Notice that those machines that don’t monitor your heart rate still tell you a number of calories burned. They assume you are the average person, however that average person is defined for that machine. Different machine assume different average people, as you can easily tell when you actually use a heart rate monitor and check how many calories you burned per calorie declared by the machine.
When you do so, you’ll notice something odd: virtually all machines show more calories burned than you actually did according to your expensive HRM. That’s because the machines want to be sold, and the machine that makes it seems easier to burn a lot of calories is the one that gets chosen the most. You see that in those informercials that promise you will be able to burn twice the calories with a particular product than with all other exercise forms.

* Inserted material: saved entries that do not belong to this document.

lemma jordan_defect_diagonal_units:
  assumes "x \<noteq> u"
  shows "jordan_defect (inc_unit x x) (inc_unit u u) = 0"
proof -
  have "inc_unit x x + inc_unit u u \<in> inc_idempotents le"
    using assms by (simp add: inc_idempotents_def unit_mult_simps)
  from square_defect_idempotent[OF this] show ?thesis
    by (simp add: defect_expansion)
qed

lemma jordan_defect_diagonal_unit:
  assumes "le u v"
  shows "jordan_defect (inc_unit x x) (inc_unit u v) = 0"
proof -
  consider "x = u" | "x = v" | "u = v" "x \<noteq> u" | "x \<noteq> u" "x \<noteq> v" "u \<noteq> v"
    by blast
  then show ?thesis
  proof cases
    case 1
    with assms show ?thesis by (simp add: jordan_defect_source_unit)
  next
    case 2
    with assms show ?thesis by (simp add: jordan_defect_target_unit)
  next
    case 3
    then show ?thesis by (simp add: jordan_defect_diagonal_units)
  next
    case 4
    with assms have "inc_unit u u + inc_unit u v + inc_unit x x \<in> inc_idempotents le"
      by (simp add: inc_idempotents_def unit_mult_simps)
    from square_defect_idempotent[OF this] 4 assms show ?thesis
      by (simp add: defect_expansion jordan_defect_source_unit jordan_defect_diagonal_units
          jordan_defect_commute[of "inc_unit u v"])
  qed
qed

lemma jordan_defect_noncomposable_units:
  assumes "le x y" "le u v" "x \<noteq> y" "u \<noteq> v" "y \<noteq> u" "v \<noteq> x" "(x, y) \<noteq> (u, v)"
  shows "jordan_defect (inc_unit x y) (inc_unit u v) = 0"
proof -
  consider "x = u" | "y = v" | "x \<noteq> u" "y \<noteq> v"
    by blast
  then show ?thesis
  proof cases
    case 1
    with assms have "inc_unit x x + inc_unit x y + inc_unit x v \<in> inc_idempotents le"
      by (simp add: inc_idempotents_def unit_mult_simps)
    from square_defect_idempotent[OF this] 1 assms show ?thesis
      by (simp add: defect_expansion jordan_defect_source_unit)
  next
    case 2
    with assms have "inc_unit y y + inc_unit x y + inc_unit u y \<in> inc_idempotents le"
      by (simp add: inc_idempotents_def unit_mult_simps add_ac)
    from square_defect_idempotent[OF this] 2 assms show ?thesis
      by (simp add: defect_expansion jordan_defect_target_unit)
  next
    case 3
    with assms have "inc_unit x x + inc_unit u u + inc_unit x y + inc_unit u v \<in> inc_idempotents le"
      by (simp add: inc_idempotents_def unit_mult_simps add_ac)
    from square_defect_idempotent[OF this] 3 assms show ?thesis
      by (simp add: defect_expansion jordan_defect_source_unit jordan_defect_diagonal_units
          jordan_defect_diagonal_unit)
  qed
qed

So, the machine that says you burn 2 calories when you really burned 1 makes it seem really easy to burn calories, and people will flock to it. Of course, the machine isn’t really cheating: it’s just assuming you are a person that burns really fast, which means it will assume you are a really young and heavy man, say an NCAA line backer.
Trying out a bunch of machines, I ended up with a declared to burned calorie ratio of between 1.5 and 1.2 – that is, for every calorie I actually burned, the machines told me I had burned somewhere between 1.5 and 1.2 calories. Remember that when you work out without an HRM!